In some definitions (that I happen to agree with but because we wanted to save money by first not properly training testers and then getting rid of them is not present so much in public discourse) the purpose of testing (or better said quality control) is:

1) Verify requirements => this can be done with formal verifications

2) Validate fit for purpose => this is where we make sure that if the customer needs addition it does not matter if our software does very well substraction and it has a valid proof of doing that according with specs.

I know this second part is kinda lost in the transition from oh my god waterfall is bad to yeyy now we can fire all testers because the quality is the responsibility of the entire team.

AlienRobot 12/18/2025|||

>an error of translation from natural language to formal language

Really? Programming languages are all formal languages, which means all human-made errors in algorithms wouldn't be "bugs" anymore. Some projects even categorize typos as bugs, so that's a unusually strict definition of "bug" in my opinion.

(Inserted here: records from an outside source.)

(* There exist $a_1\ge1$ and $b_1\in(0,1)$, depending only on $\alpha$, such that for every $a>a_1$ and every $b\in(0,b_1)$ the following holds: if $p,q\in\mathbb H$ satisfy $p\notin B(q,r_q)$ and $q\notin B(p,r_p)$, then at most one of $p,q$ belongs to $\mathcal T(a,b)$.
   Context: $\mathbb H=\mathbb R^3$, $p=(x_p,y_p,z_p)$, $\rho_p=\sqrt{x_p^2+y_p^2}$, group law $(x,y,z)\cdot(x',y',z')=(x+x',y+y',z+z'+\tfrac12(xy'-yx'))$, dilations $\delta_\lambda(x,y,z)=(\lambda x,\lambda y,\lambda^2z)$. Fix $\alpha>0$ such that $d_\alpha(p,q)=\inf\{r>0:\delta_{1/r}(p^{-1}\cdot q)\in B_\alpha\}$ is a distance, $B_\alpha$ the closed Euclidean ball of radius $\alpha$ at $0$. $B(p,r)=\{q:d_\alpha(q,p)\le r\}$, $r_p=d_\alpha(0,p)$. $\mathcal T(a,b)=\{p: z_p<-a,\ \rho_p<b\}$. *)

theory Defs
  imports "HOL-Analysis.Analysis"
begin

type_synonym heis = "real \<times> real \<times> real"

definition hmult :: "heis \<Rightarrow> heis \<Rightarrow> heis" where
  "hmult p q = (case p of (x, y, z) \<Rightarrow> case q of (x', y', z') \<Rightarrow>
     (x + x', y + y', z + z' + (x * y' - y * x') / 2))"

definition hinv :: "heis \<Rightarrow> heis" where
  "hinv p = (case p of (x, y, z) \<Rightarrow> (-x, -y, -z))"

definition hdil :: "real \<Rightarrow> heis \<Rightarrow> heis" where
  "hdil l p = (case p of (x, y, z) \<Rightarrow> (l * x, l * y, l ^ 2 * z))"

definition eucl_norm3 :: "heis \<Rightarrow> real" where
  "eucl_norm3 p = (case p of (x, y, z) \<Rightarrow> sqrt (x^2 + y^2 + z^2))"

definition B_alpha :: "real \<Rightarrow> heis set" where
  "B_alpha \<alpha> = {p. eucl_norm3 p \<le> \<alpha>}"

definition d_alpha :: "real \<Rightarrow> heis \<Rightarrow> heis \<Rightarrow> real" where
  "d_alpha \<alpha> p q = Inf {r. r > 0 \<and> hdil (1 / r) (hmult (hinv p) q) \<in> B_alpha \<alpha>}"

definition is_distance :: "(heis \<Rightarrow> heis \<Rightarrow> real) \<Rightarrow> bool" where
  "is_distance d \<longleftrightarrow>
     (\<forall>p q. 0 \<le> d p q) \<and> (\<forall>p q. d p q = 0 \<longleftrightarrow> p = q) \<and>
     (\<forall>p q. d p q = d q p) \<and> (\<forall>p q s. d p s \<le> d p q + d q s)"

definition hball :: "real \<Rightarrow> heis \<Rightarrow> real \<Rightarrow> heis set" where
  "hball \<alpha> p r = {q. d_alpha \<alpha> q p \<le> r}"

definition r_pt :: "real \<Rightarrow> heis \<Rightarrow> real" where
  "r_pt \<alpha> p = d_alpha \<alpha> (0, 0, 0) p"

definition rho :: "heis \<Rightarrow> real" where
  "rho p = (case p of (x, y, z) \<Rightarrow> sqrt (x^2 + y^2))"

definition zc :: "heis \<Rightarrow> real" where
  "zc p = (case p of (x, y, z) \<Rightarrow> z)"

definition Tset :: "real \<Rightarrow> real \<Rightarrow> heis set" where
  "Tset a b = {p. zc p < -a \<and> rho p < b}"

end

theory Submission
  imports Defs
begin

(* Write N(v) = inf {r > 0. |dil_(1/r) v| <= alpha} for the gauge of the
   distance d_alpha, so that d_alpha p q = N(p^-1 q) and r_p = N(p).  For v = (x,y,z)
   the squared Euclidean norm of dil_(1/r) v is (x^2+y^2)/r^2 + z^2/r^4, which is
   decreasing in r; hence N(v) <= r as soon as this quantity is <= alpha^2 at r, and
   N(v) >= s as soon as it exceeds alpha^2 at s.
   Let p, q lie in T(a,b) with z_q <= z_p and put K = -z_q - 1 > 2, s = sqrt(K/alpha).
   The vertical coordinate alone forces r_q >= s.  On the other hand p^-1 q has
   horizontal part of squared length <= 4b^2 <= alpha and, because the symplectic
   term is at most rho_p rho_q / 2 <= 1/2, vertical part of modulus <= K - 1; this
   forces d_alpha(p,q) <= s.  So q is within distance r_q of p, i.e. p lies in
   B(q, r_q).  By symmetry the theorem follows with a1 = 3, b1 = min(1/2, sqrt alpha/2).
   The argument does not use that d_alpha satisfies the metric axioms. *)

text \<open>Squared Euclidean norm of the dilate \<open>hdil (1/r) (x,y,z)\<close>, expressed through
  the squared horizontal length \<open>A\<close> and the squared height \<open>Z\<close>.\<close>
definition scaled_norm_sq :: "real \<Rightarrow> real \<Rightarrow> real \<Rightarrow> real" where
  "scaled_norm_sq A Z r = A / r^2 + Z / r^4"

definition gauge :: "real \<Rightarrow> heis \<Rightarrow> real" where
  "gauge \<alpha> v = Inf {r. r > 0 \<and> hdil (1 / r) v \<in> B_alpha \<alpha>}"

lemma d_alpha_gauge: "d_alpha \<alpha> p q = gauge \<alpha> (hmult (hinv p) q)"
  by (simp add: d_alpha_def gauge_def)

lemma r_pt_gauge: "r_pt \<alpha> p = gauge \<alpha> p"
  by (cases p) (simp add: r_pt_def d_alpha_gauge hinv_def hmult_def)

lemma dilate_in_B_alpha_iff:
  assumes "r > 0" "\<alpha> > 0"
  shows "hdil (1/r) (x,y,z) \<in> B_alpha \<alpha> \<longleftrightarrow> scaled_norm_sq (x^2+y^2) (z^2) r \<le> \<alpha>^2"
proof -
  have "hdil (1/r) (x,y,z) \<in> B_alpha \<alpha> \<longleftrightarrow> sqrt ((x/r)^2 + (y/r)^2 + ((1/r)^2*z)^2) \<le> \<alpha>"
    by (simp add: hdil_def B_alpha_def eucl_norm3_def)
  also have "\<dots> \<longleftrightarrow> (x/r)^2 + (y/r)^2 + ((1/r)^2*z)^2 \<le> \<alpha>^2"
    using assms(2) sqrt_le_D real_le_lsqrt[of \<alpha>] by auto
  also have "(x/r)^2 + (y/r)^2 + ((1/r)^2*z)^2 = scaled_norm_sq (x^2+y^2) (z^2) r"
    by (simp add: scaled_norm_sq_def power_divide power_mult_distrib add_divide_distrib)
  finally show ?thesis .
qed

lemma scaled_norm_sq_antimono:
  assumes "0 < r" "r \<le> s" "A \<ge> 0" "Z \<ge> 0"
  shows "scaled_norm_sq A Z s \<le> scaled_norm_sq A Z r"
proof -
  have "r^2 \<le> s^2" "r^4 \<le> s^4" using assms by (auto intro: power_mono)
  then have "A / s^2 \<le> A / r^2" "Z / s^4 \<le> Z / r^4" using assms
    by (auto intro!: divide_left_mono mult_pos_pos)
  thus ?thesis by (simp add: scaled_norm_sq_def)
qed

text \<open>Every point is eventually dilated into B_alpha, so the set defining the gauge is
  nonempty and its infimum is meaningful.\<close>
lemma gauge_set_nonempty:
  assumes "\<alpha> > 0"
  shows "\<exists>t > 0. hdil (1/t) (x,y,z) \<in> B_alpha \<alpha>"
proof -
  define A where "A = x^2 + y^2"
  define Z where "Z = z^2"
  have AZ: "A \<ge> 0" "Z \<ge> 0" by (auto simp: A_def Z_def)
  define t where "t = max 1 (sqrt (A + Z) / \<alpha>)"
  have t1: "t \<ge> 1" by (simp add: t_def)
  have "sqrt (A + Z) / \<alpha> \<le> t" by (simp add: t_def)
  hence "sqrt (A + Z) \<le> \<alpha> * t" using assms by (simp add: divide_le_eq mult.commute)
  hence "(sqrt (A + Z))^2 \<le> (\<alpha> * t)^2" using AZ by (intro power_mono) auto
  hence AZ_le: "A + Z \<le> \<alpha>^2 * t^2" using AZ by (simp add: power_mult_distrib)
  have "Z / t^4 \<le> Z / t^2"
    using AZ t1 by (intro divide_left_mono) (auto simp: power_increasing)
  hence "scaled_norm_sq A Z t \<le> (A + Z) / t^2"
    by (simp add: scaled_norm_sq_def add_divide_distrib)
  also have "\<dots> \<le> \<alpha>^2" using AZ_le t1 by (simp add: divide_le_eq)
  finally have "scaled_norm_sq A Z t \<le> \<alpha>^2" .
  moreover have "t > 0" using t1 by simp
  ultimately show ?thesis
    using dilate_in_B_alpha_iff[of t \<alpha> x y z] assms by (auto simp: A_def Z_def)
qed

lemma gauge_le:
  assumes "r > 0" "\<alpha> > 0" "scaled_norm_sq (x^2+y^2) (z^2) r \<le> \<alpha>^2"
  shows "gauge \<alpha> (x,y,z) \<le> r"
  unfolding gauge_def
proof (rule cInf_lower)
  show "r \<in> {r. r > 0 \<and> hdil (1/r) (x,y,z) \<in> B_alpha \<alpha>}"
    using assms dilate_in_B_alpha_iff[of r \<alpha>] by auto
  show "bdd_below {r. r > 0 \<and> hdil (1/r) (x,y,z) \<in> B_alpha \<alpha>}"
    by (rule bdd_belowI[of _ 0]) auto
qed

text \<open>Lower comparison: if the dilate by \<open>1/s\<close> lies outside B_alpha, then by
  monotonicity so do all dilates by \<open>1/r\<close> with \<open>r \<le> s\<close>.\<close>
lemma gauge_ge:
  assumes "s > 0" "\<alpha> > 0" "scaled_norm_sq (x^2+y^2) (z^2) s > \<alpha>^2"
  shows "gauge \<alpha> (x,y,z) \<ge> s"
  unfolding gauge_def
proof (rule cInf_greatest)
  show "{r. r > 0 \<and> hdil (1/r) (x,y,z) \<in> B_alpha \<alpha>} \<noteq> {}"
    using gauge_set_nonempty[OF assms(2)] by blast
next
  fix r assume "r \<in> {r. r > 0 \<and> hdil (1/r) (x,y,z) \<in> B_alpha \<alpha>}"
  hence r: "r > 0" "scaled_norm_sq (x^2+y^2) (z^2) r \<le> \<alpha>^2"
    using dilate_in_B_alpha_iff[of r \<alpha> x y z] assms(2) by auto
  show "s \<le> r"
  proof (rule ccontr)
    assume "\<not> s \<le> r"
    hence "scaled_norm_sq (x^2+y^2) (z^2) s \<le> scaled_norm_sq (x^2+y^2) (z^2) r"
      using r by (intro scaled_norm_sq_antimono) auto
    thus False using r assms by simp
  qed
qed

lemma scaled_norm_sq_at_sqrt:
  assumes "S > 0"
  shows "scaled_norm_sq A Z (sqrt S) = A / S + Z / S^2"
proof -
  have "sqrt S ^ 4 = (sqrt S ^ 2)^2" by simp
  thus ?thesis using assms by (simp add: scaled_norm_sq_def)
qed

text \<open>A point of height \<open>z < -1\<close> has gauge at least \<open>sqrt ((-z-1)/\<alpha>)\<close>:
  already its vertical coordinate is too large at that scale.\<close>
lemma gauge_lower_by_height:
  assumes al: "\<alpha> > 0" and z: "z < -1"
  shows "gauge \<alpha> (x,y,z) \<ge> sqrt ((-z - 1) / \<alpha>)"
proof (rule gauge_ge[OF _ al])
  define S where "S = (-z - 1) / \<alpha>"
  have S0: "S > 0" using z al by (simp add: S_def)
  show "sqrt S > 0" using S0 by simp
  have "\<alpha>^2 * 1 < \<alpha>^2 * (z^2 / (-z - 1)^2)"
  proof -
    have "(-z - 1)^2 < z^2" using z by (simp add: power2_eq_square algebra_simps)
    hence "z^2 / (-z - 1)^2 > 1" using z by simp
    thus ?thesis using al by (intro mult_strict_left_mono) auto
  qed
  also have "\<alpha>^2 * (z^2 / (-z - 1)^2) = z^2 / S^2"
    using z al by (simp add: S_def field_simps)
  also have "\<dots> \<le> scaled_norm_sq (x^2+y^2) (z^2) (sqrt S)"
    using S0 by (simp add: scaled_norm_sq_at_sqrt)
  finally show "scaled_norm_sq (x^2+y^2) (z^2) (sqrt S) > \<alpha>^2" by simp
qed

lemma gauge_upper_at_scale:
  assumes al: "\<alpha> > 0" and K: "K \<ge> 1"
    and uv: "u^2 + v^2 \<le> \<alpha>" and w: "\<bar>w\<bar> \<le> K - 1"
  shows "gauge \<alpha> (u,v,w) \<le> sqrt (K / \<alpha>)"
proof (rule gauge_le[OF _ al])
  define S where "S = K / \<alpha>"
  have S0: "S > 0" using K al by (simp add: S_def)
  show "sqrt S > 0" using S0 by simp
  have w2: "w^2 \<le> (K - 1)^2" using w by (metis abs_ge_zero power2_abs power_mono)
  have "scaled_norm_sq (u^2+v^2) (w^2) (sqrt S) = (u^2+v^2) / S + w^2 / S^2"
    using S0 by (rule scaled_norm_sq_at_sqrt)
  also have "\<dots> \<le> \<alpha> / S + (K - 1)^2 / S^2"
    using uv w2 S0 by (intro add_mono divide_right_mono) auto
  also have "\<dots> = \<alpha>^2 * (K + (K - 1)^2) / K^2"
    using al K by (simp add: S_def field_simps power2_eq_square)
  also have "\<dots> \<le> \<alpha>^2"
  proof -
    have "K + (K - 1)^2 \<le> K^2" using K by (simp add: power2_eq_square algebra_simps)
    hence "\<alpha>^2 * (K + (K - 1)^2) \<le> \<alpha>^2 * K^2" by (simp add: mult_left_mono)
    thus ?thesis using K by (simp add: divide_le_eq)
  qed
  finally show "scaled_norm_sq (u^2+v^2) (w^2) (sqrt S) \<le> \<alpha>^2" .
qed

lemma Tset_iff:
  assumes "b > 0"
  shows "(x,y,z) \<in> Tset a b \<longleftrightarrow> z < -a \<and> x^2 + y^2 < b^2"
proof -
  have "sqrt (x^2 + y^2) < b \<longleftrightarrow> x^2 + y^2 < b^2"
    using assms real_less_lsqrt[of b] real_le_rsqrt[of b] by (meson less_le not_le)
  thus ?thesis by (simp add: Tset_def zc_def rho_def)
qed

lemma hinv_hmult_coords:
  "hmult (hinv (xp,yp,zp)) (xq,yq,zq) = (xq - xp, yq - yp, zq - zp + (yp*xq - xp*yq)/2)"
  by (simp add: hmult_def hinv_def)

text \<open>Lagrange's identity bounds the symplectic term by the product of horizontal lengths.\<close>
lemma symplectic_sq_le:
  fixes xp yp xq yq :: real
  shows "(yp*xq - xp*yq)^2 \<le> (xp^2+yp^2) * (xq^2+yq^2)"
proof -
  have "(xp^2+yp^2) * (xq^2+yq^2) - (yp*xq - xp*yq)^2 = (xp*xq + yp*yq)^2"
    by (simp add: power2_eq_square algebra_simps)
  thus ?thesis using zero_le_power2[of "xp*xq + yp*yq"] by linarith
qed

lemma symplectic_le_one:
  fixes xp yp xq yq :: real
  assumes "xp^2 + yp^2 \<le> 1" "xq^2 + yq^2 \<le> 1"
  shows "\<bar>yp*xq - xp*yq\<bar> \<le> 1"
proof -
  have "(xp^2 + yp^2) * (xq^2 + yq^2) \<le> 1"
    using assms by (intro mult_le_one) auto
  hence "(yp*xq - xp*yq)^2 \<le> 1" using symplectic_sq_le[of yp xq xp yq] by linarith
  thus ?thesis by (simp add: abs_square_le_1)
qed

text \<open>If both endpoints have horizontal length at most \<open>sqrt B\<close>, the horizontal part of the
  increment has length at most \<open>2 sqrt B\<close> (squared form, via the parallelogram law).\<close>
lemma horizontal_increment_sq_le:
  fixes xp yp xq yq :: real
  assumes "xp^2 + yp^2 \<le> B" "xq^2 + yq^2 \<le> B"
  shows "(xq - xp)^2 + (yq - yp)^2 \<le> 4 * B"
proof -
  have "2 * (xp^2 + yp^2) + 2 * (xq^2 + yq^2) - ((xq - xp)^2 + (yq - yp)^2)
        = (xq + xp)^2 + (yq + yp)^2"
    by (simp add: power2_eq_square algebra_simps)
  thus ?thesis
    using assms zero_le_power2[of "xq + xp"] zero_le_power2[of "yq + yp"] by (smt (verit))
qed

lemma vertical_increment_le:
  fixes c zq zp a :: real
  assumes "\<bar>c\<bar> \<le> 1" "zq \<le> zp" "zp < -a" "a \<ge> 3"
  shows "\<bar>zq - zp + c / 2\<bar> \<le> -zq - 2"
  using assms by (simp add: abs_le_iff)

lemma Tset_lower_point_ball:
  assumes al: "\<alpha> > 0" and a: "a \<ge> 3" and b: "0 < b" "4 * b^2 \<le> \<alpha>" "b \<le> 1"
    and p: "p \<in> Tset a b" and q: "q \<in> Tset a b" and below: "zc q \<le> zc p"
  shows "d_alpha \<alpha> p q \<le> r_pt \<alpha> q"
proof -
  obtain xp yp zp where pe: "p = (xp,yp,zp)" by (cases p) auto
  obtain xq yq zq where qe: "q = (xq,yq,zq)" by (cases q) auto
  have P: "zp < -a" "xp^2 + yp^2 < b^2" using p Tset_iff[OF b(1)] by (auto simp: pe)
  have Q: "zq < -a" "xq^2 + yq^2 < b^2" using q Tset_iff[OF b(1)] by (auto simp: qe)
  have zz: "zq \<le> zp" using below by (simp add: pe qe zc_def)
  define K where "K = -zq - 1"
  have "(xq - xp)^2 + (yq - yp)^2 \<le> \<alpha>"
    using horizontal_increment_sq_le[of xp yp "b^2" xq yq] P Q b by (smt (verit))
  moreover have "\<bar>zq - zp + (yp*xq - xp*yq)/2\<bar> \<le> K - 1"
  proof -
    have "b^2 \<le> 1" using b by (simp add: power_le_one)
    hence "\<bar>yp*xq - xp*yq\<bar> \<le> 1" using P Q by (intro symplectic_le_one) auto
    from vertical_increment_le[OF this zz P(1) a] show ?thesis by (simp add: K_def)
  qed
  ultimately have "d_alpha \<alpha> p q \<le> sqrt (K / \<alpha>)"
    using gauge_upper_at_scale[OF al] Q a
    by (simp add: pe qe d_alpha_gauge hinv_hmult_coords K_def)
  also have "\<dots> \<le> r_pt \<alpha> q"
    using gauge_lower_by_height[OF al, of zq xq yq] Q a by (simp add: qe r_pt_gauge K_def)
  finally show ?thesis .
qed

theorem lemma2p4:
  fixes \<alpha> :: real
  assumes "\<alpha> > 0" and "is_distance (d_alpha \<alpha>)"
  shows "\<exists>a1 b1. a1 \<ge> 1 \<and> 0 < b1 \<and> b1 < 1 \<and>
     (\<forall>a b p q. a > a1 \<longrightarrow> 0 < b \<longrightarrow> b < b1 \<longrightarrow>
        p \<notin> hball \<alpha> q (r_pt \<alpha> q) \<longrightarrow> q \<notin> hball \<alpha> p (r_pt \<alpha> p) \<longrightarrow>
        \<not> (p \<in> Tset a b \<and> q \<in> Tset a b))"
proof -
  define b1 where "b1 = min (1/2) (sqrt \<alpha> / 2)"
  have b1: "0 < b1" "b1 < 1" using assms(1) by (auto simp: b1_def)
  have "\<not> (p \<in> Tset a b \<and> q \<in> Tset a b)"
    if a: "a > 3" and b: "0 < b" "b < b1"
      and far: "p \<notin> hball \<alpha> q (r_pt \<alpha> q)" "q \<notin> hball \<alpha> p (r_pt \<alpha> p)" for a b p q
  proof
    assume T: "p \<in> Tset a b \<and> q \<in> Tset a b"
    have "\<bar>2 * b\<bar> \<le> sqrt \<alpha>" "b \<le> 1" using b by (auto simp: b1_def)
    hence bb: "4 * b^2 \<le> \<alpha>" "b \<le> 1"
      using sqrt_ge_absD[of "2 * b" \<alpha>] by (simp_all add: power_mult_distrib)
    note ball = Tset_lower_point_ball[OF assms(1) _ b(1) bb]
    consider "zc q \<le> zc p" | "zc p \<le> zc q" by linarith
    then show False
      using ball[of a p q] ball[of a q p] T a far by cases (auto simp: hball_def)
  qed
  thus ?thesis using b1 by (intro exI[of _ 3] exI[of _ b1]) auto
qed

end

suspended_state 12/20/2025||

Sure, I guess you can understand what I said that way, but that's not what I meant. I wasn't thinking about the implementation, but the specifications.

Read again the quote I was refering to if you need better context to understand my comment.

If you have good formal specifications, you should be able to produce the corresponding code. Any error in that phase should be considered a bug, and yes, a typo should fit that category, if it makes the code deviate from the specs.

But an error in the step of translating the requirements (usually explained in natural language) to specifications (usually described formally) isn't a bug, it's a translation error.

jandrese 12/17/2025|||

The danger of this is people start asking about formally verified specs, and down that road lies madness.

"If you can formally verify the spec the code can be auto-generated from it."

TimTheTinker 12/17/2025||

Most formal "specs" (the part that defines the system's actual behavior) are just code. So a formally verified (or compiled) spec is really just a different programming language, or something layered on top of existing code. Like TypeScript types are a non-formal but empirical verification layer on top of JavaScript.

The hard part remains: translating from human-communicated requirements to a maintainable spec (formally verified or not) that completely defines the module's behavior.

strbean 12/17/2025|||

> decide what the software is supposed to do in the first place.

That's where the job security is (and always has been). This has been my answer to "are you afraid for your job because of AI?"

Writing the code is very rarely the hard part. The hard part is getting a spec from the PM, or gathering requirements stakeholders. And then telling them why the spec / their requirements don't make sense or aren't feasible, and figuring out ones that will actually achieve their goals.

svat 12/17/2025|||

There are some basic invariants like "this program should not crash on any input" or "this service should be able to handle requests that look like X up to N per second" — though I expect those will be the last to be amenable to formal verification, they are also very simple ones that (when they become possible) will be easy to write down.

yencabulator 12/18/2025||

> "this program should not crash on any input" [...] though I expect those will be the last to be amenable to formal verification,

In the world of Rust, this is actually the easiest to achieve level of formal proofs.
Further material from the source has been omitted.